Prospective post-eradication evaluations were conducted on 1674 consecutive patients who had received successful H. pylori eradication therapy. The patients had undergone endoscopic examination before eradication therapy to evaluate peptic ulcers, background gastric mucosal atrophy, and H. pylori infection. After confirmation of cure of the infection, follow-up endoscopy was performed yearly.

RESULTS

The patients were followed for up to 14.1 years (a mean of 5.6 years).

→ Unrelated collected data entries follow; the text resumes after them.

lemma norm_real2: "norm (x::real^2) = sqrt ((x$1)\<^sup>2 + (x$2)\<^sup>2)"
  by (simp add: norm_vec_def L2_set_def UNIV_2)

lemma norm_uvec [simp]: "norm (uvec t) = 1"
  by (simp add: norm_real2)

lemma inner_uvec_uvec: "uvec s \<bullet> uvec t = cos (s - t)"
  by (simp add: inner_real2 cos_diff)

lemma uvec_polar:
  fixes x :: "real^2"
  obtains t where "0 \<le> t" "t < 2 * pi" "x = norm x *\<^sub>R uvec t"
proof (cases "x = 0")
  case True
  then show ?thesis by (intro that[of 0]) auto
next
  case False
  define r where "r = norm x"
  have "r > 0" using False unfolding r_def by simp
  have "(x$1 / r)\<^sup>2 + (x$2 / r)\<^sup>2 = ((x$1)\<^sup>2 + (x$2)\<^sup>2) / r\<^sup>2"
    by (simp add: power_divide add_divide_distrib)
  also have "\<dots> = r\<^sup>2 / r\<^sup>2" unfolding r_def norm_real2 by simp
  also have "\<dots> = 1" using \<open>r > 0\<close> by simp
  finally have "(x$1 / r)\<^sup>2 + (x$2 / r)\<^sup>2 = 1" .
  then obtain t where t: "0 \<le> t" "t < 2 * pi" "x$1 / r = cos t" "x$2 / r = sin t"
    by (rule sincos_total_2pi)
  have "x = r *\<^sub>R uvec t"
    using t(3,4) \<open>r > 0\<close> by (simp add: vec_eq_iff forall_2 field_simps)
  then show ?thesis using t(1,2) that unfolding r_def by blast
qed
lemma train_set_in_Omega_NN:
  assumes \<delta>: "0 \<le> \<delta>" "\<delta> \<le> 1/8"
  shows "train_set r \<beta> \<delta> \<in> Omega_NN d (classifier d \<alpha>) r"
proof -
  have set_eq: "set (train_set r \<beta> \<delta>) = train_point r \<beta> \<delta> ` {..<r}"
    unfolding train_set_def by auto
  have "2 * eps' r \<le> linf d (\<lambda>i. train_point r \<beta> \<delta> k i - train_point r \<beta> \<delta> k' i)"
    if "k < r" "k' < r" "k \<noteq> k'" for k k'
  proof -
    have "2 * eps' r \<le> \<bar>node r k - node r k'\<bar>"
      using node_gap[of k k' r] node_gap[of k' k r] that by (cases "k < k'") auto
    also have "\<dots> \<le> linf d (\<lambda>i. train_point r \<beta> \<delta> k i - train_point r \<beta> \<delta> k' i)"
      using linf_ge[of 0 d "\<lambda>i. train_point r \<beta> \<delta> k i - train_point r \<beta> \<delta> k' i"] two_le_d
      by (simp add: train_point_def)
    finally show ?thesis .
  qed
  moreover have "classifier d \<alpha> (\<lambda>i. train_point r \<beta> \<delta> k i + y i) = classifier d \<alpha> (train_point r \<beta> \<delta> k)"
    if "k < r" "linf d y < eps' r" "(\<lambda>i. train_point r \<beta> \<delta> k i + y i) \<in> cube d" for k y
    using classifier_near_train_point[OF that(1) \<delta> that(2,3)] classifier_train_point[OF that(1) \<delta>] by simp
  ultimately have "set (train_set r \<beta> \<delta>) \<in> S_f d (classifier d \<alpha>) (eps' r)"
    unfolding S_f_def set_eq using train_point_in_cube[OF _ \<delta>] by auto
  then show ?thesis unfolding Omega_NN_def using distinct_train_set by (simp add: train_set_def)
qed

lemma train_family_subset_Omega_NN: "train_family r \<beta> \<subseteq> Omega_NN d (classifier d \<alpha>) r"
  unfolding train_family_def using train_set_in_Omega_NN train_family_shift_bounds by auto

lemma Xi_NN_misfit_collinear:
  assumes dims: "3 \<le> length dims" and r: "3 * piece_bound dims \<le> r"
    and x: "x \<in> Xi_NN dims R e (classifier d \<alpha>) r (train_set r \<beta> 0)"
  shows "\<exists>k<r. 1/2 \<le> \<bar>x k - of_bool (odd k)\<bar>"
proof (rule Xi_NN_misfit[OF _ x])
  fix \<phi> assume "\<phi> \<in> NN dims"
  then obtain Ws where \<phi>: "\<phi> = (\<lambda>x. nn_map dims Ws x 0)" and Ws: "length Ws = length dims - 1"
    unfolding NN_def by blast
  obtain k where "k < r" "1/2 \<le> \<bar>nn_map dims Ws (train_point r \<beta> 0 k) 0 - of_bool (odd k)\<bar>"
    using nn_map_misfits_parity[OF strict_mono_on_node Ws _ r pw_affine_vec_train_point_0] dims by auto
  then show "\<exists>k<r. 1/2 \<le> \<bar>\<phi> (train_set r \<beta> 0 ! k) - of_bool (odd k)\<bar>"
    using \<phi> train_set_nth by auto
qed

lemma Xi_NN_fit_perturbed:
  assumes dims: "3 \<le> length dims" "hd dims = d" "\<forall>n\<in>set dims. 1 \<le> n"
    and R: "R \<in> CF_eps r e eh" and \<delta>: "0 < \<delta>" "\<delta> \<le> 1/8"
    and y: "y \<in> Xi_NN dims R e (classifier d \<alpha>) r (train_set r \<beta> \<delta>)" and k: "k < r"
  shows "\<bar>y k - of_bool (odd k)\<bar> \<le> eh"
proof -
  have labels: "classifier d \<alpha> (train_set r \<beta> \<delta> ! k') = of_bool (odd k')" if "k' < r" for k'
    using classifier_train_point[OF that] \<delta> train_set_nth[OF that] by simp
  have "2 \<le> hd dims" using dims(2) two_le_d by simp
  then have "(\<lambda>x. 1 / \<delta> * max 0 (x 1 - \<beta>)) \<in> NN dims" by (rule ramp_in_NN[OF dims(1) _ dims(3)])
  \<comment> \<open>Exactly the odd-indexed points lie above the level \<open>\<beta>\<close>, by \<open>\<delta>\<close>.\<close>
  moreover have "1 / \<delta> * max 0 ((train_set r \<beta> \<delta> ! k') 1 - \<beta>) = classifier d \<alpha> (train_set r \<beta> \<delta> ! k')"
    if "k' < r" for k'
    using labels[OF that] train_set_nth[OF that] \<delta> unfolding train_point_def by simp
  ultimately show ?thesis using Xi_NN_close_if_interpolable[OF R _ _ y k] labels[OF k] by simp
qed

During the follow-up, gastric cancer developed in 28 of the 1674 patients as long as 13.7 years after the cure of H. pylori infection. The risk of developing gastric cancer was 0.30% per year. Histologically, 16 of the gastric cancers were the intestinal type and 12 were the diffuse type; the risk of each cancer type was 0.17 and 0.13% per year, respectively. There was no significant inflammatory cell infiltration in the background gastric mucosa at the time the cancers were recognized.

CONCLUSION

There is a risk of developing gastric cancer of both the intestinal and diffuse types even after the cure of H. pylori infection and extinction of gastric inflammation. It is important to inform patients about the risk of gastric cancer after eradication therapy and offer them surveillance endoscopy.

摘要

背景

我们之前报道过,根除幽门螺杆菌(H. pylori)可降低消化性溃疡患者发生胃癌的风险。在本研究中,我们进一步对接受成功 H. pylori 根除治疗的患者进行了随访,以调查感染根除后胃癌的发生和临床特征。

方法

对 1674 例连续接受成功 H. pylori 根除治疗的患者进行前瞻性根除后评估。患者在根除治疗前接受内镜检查,以评估消化性溃疡、背景胃黏膜萎缩和 H. pylori 感染。感染根除确认后,每年进行内镜随访。

结果

患者最长随访 14.1 年(平均随访 5.6 年)。在随访期间,1674 例患者中有 28 例在 H. pylori 感染根除后长达 13.7 年时发生胃癌。胃癌的年发病风险为 0.30%。组织学上,16 例胃癌为肠型,12 例为弥漫型;每种癌症的发病风险分别为 0.17%和 0.13%/年。在癌症被发现时,背景胃黏膜无明显炎症细胞浸润。

结论

即使在 H. pylori 感染根除和胃炎症消退后,仍存在发生肠型和弥漫型胃癌的风险。告知患者根除治疗后发生胃癌的风险并为其提供监测性内镜检查非常重要。